Download ringnorm.tar.gz
Leo Breiman's ringnorm example. Classify cases as coming from one
of two overlapping normal distributions.
- twonorm.
Download twonorm.tar.gz
Leo Breiman's two normal example. Classify a case as coming from
one of 2 normal distribution, one distribution lies within the
other.

Before you can install the datasets, you must build and install the
Delve utilities.
Once you've done that, you can install the datasets. This involves simply
extracting the files from their tape archives into the proper directory: the
installed top-level Delve data directory. By default this directory is "/usr/local/lib/delve/data".
If you used the "--prefix" option with the "configure"
command used to build the delve utilites, replace the "/usr/local"

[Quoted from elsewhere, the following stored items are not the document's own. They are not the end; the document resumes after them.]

(* With x = C(z), the Bregman divergence V = D_h(xbar, x), taken with the subgradient z/eps of h
  at x, is a Lyapunov function. The value function of the regularised maximisation defining C
  has gradient C, so along the flow V' = (gamma/eps) (x - xbar) . (U x - z). Splitting
  U x - z = (U x - U xbar) + (U xbar - z) and using xbar = C(U xbar), the second part contributes
  -eps times the symmetrised Bregman divergence and the first at most mu times it, whence
  V' <= -gamma (eps - mu)/eps V and V decays exponentially. Strong convexity of h gives
  D_h(xbar, x) >= rho/2 |xbar - x|^2. *)

definition strongly_convex_on :: "'a::real_normed_vector set \<Rightarrow> ('a \<Rightarrow> real) \<Rightarrow> real \<Rightarrow> bool" where
  "strongly_convex_on K h \<rho> \<longleftrightarrow>
     (\<forall>x\<in>K. \<forall>y\<in>K. \<forall>s. 0 \<le> s \<and> s \<le> 1 \<longrightarrow>
        h (s *\<^sub>R x + (1 - s) *\<^sub>R y) \<le> s * h x + (1 - s) * h y - \<rho> / 2 * s * (1 - s) * (norm (x - y))\<^sup>2)"

lemma strongly_convex_onD:
  "strongly_convex_on K h \<rho> \<Longrightarrow> x \<in> K \<Longrightarrow> y \<in> K \<Longrightarrow> 0 \<le> s \<Longrightarrow> s \<le> 1 \<Longrightarrow>
    h (s *\<^sub>R x + (1 - s) *\<^sub>R y) \<le> s * h x + (1 - s) * h y - \<rho> / 2 * s * (1 - s) * (norm (x - y))\<^sup>2"
  unfolding strongly_convex_on_def by blast

lemma regularizer_iff:
  "regularizer \<Omega> \<theta> \<rho> \<longleftrightarrow> (\<forall>c. closed {y\<in>\<Omega>. \<theta> y \<le> c}) \<and> strongly_convex_on \<Omega> \<theta> \<rho>"
  unfolding regularizer_def strongly_convex_on_def by blast

lemma bregman_ge_sq_norm_if_strongly_convex:
  fixes h :: "real^'c::finite \<Rightarrow> real"
  assumes "convex K" and sc: "strongly_convex_on K h \<rho>" and "\<rho> \<ge> 0"
    and g: "g \<in> subgrad K h x" and y: "y \<in> K"
  shows "\<rho> / 2 * (norm (y - x))\<^sup>2 \<le> bregman h y x g"
proof -
  have x: "x \<in> K" using g by (simp add: subgrad_def)
  define a where "a = \<rho> / 2 * (norm (y - x))\<^sup>2"
  have shrink: "a - s * a \<le> bregman h y x g" if s: "0 < s" "s \<le> 1" for s
  proof -
    define p where "p = s *\<^sub>R y + (1 - s) *\<^sub>R x"
    have "p \<in> K" using \<open>convex K\<close> x y s unfolding p_def by (simp add: convexD)
    then have "h x + g \<bullet> (p - x) \<le> h p" using g by (simp add: subgrad_def)
    moreover have "p - x = s *\<^sub>R (y - x)" by (simp add: p_def algebra_simps)
    moreover have "h p \<le> s * h y + (1 - s) * h x - s * (1 - s) * a"
    proof -
      have "\<rho> / 2 * s * (1 - s) * (norm (y - x))\<^sup>2 = s * (1 - s) * a" by (simp add: a_def)
      then show ?thesis unfolding p_def using strongly_convex_onD[OF sc y x, of s] s by linarith
    qed
    ultimately have "s * (g \<bullet> (y - x)) \<le> s * (h y - h x - (1 - s) * a)"
      by (simp add: algebra_simps)
    then have "g \<bullet> (y - x) \<le> h y - h x - (1 - s) * a"
      using s by simp
    then show ?thesis by (simp add: bregman_def algebra_simps)
  qed
  have "((\<lambda>s. a - s * a) \<longlongrightarrow> a - 0 * a) (at_right 0)"
    by (intro tendsto_intros)
  moreover have "\<forall>\<^sub>F s in at_right 0. a - s * a \<le> bregman h y x g"
    using eventually_at_right_real[OF zero_less_one] by eventually_elim (auto intro: shrink)
  ultimately show ?thesis unfolding a_def[symmetric] by (auto intro: tendsto_upperbound)
qed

part of the above path with that prefix.
Each tape archive will create a directory with the same base name as the
archive file. This directory will contain all the data and specification files
Delve needs to generate the tasks.
mv demo.tar.gz /usr/local/lib/delve/data
cd /usr/local/lib/delve/data
gunzip demo.tar.gz
tar -xvf demo.tar
If you want to install a dataset in a private directory, you can do the
following:
- Create a directory called delve in your home directory (or
anywhere else, for that matter).
- In that directory create two more directories: data and methods.
- In the delve/data directory, untar the data file as described
above.
Once you've done that, you can work in your own private delve directory and
you will have access to the datasets you've downloaded, as well the ones
installed in /usr/local/lib/delve/data.
Once you've extracted the data, you can safely remove the tar file.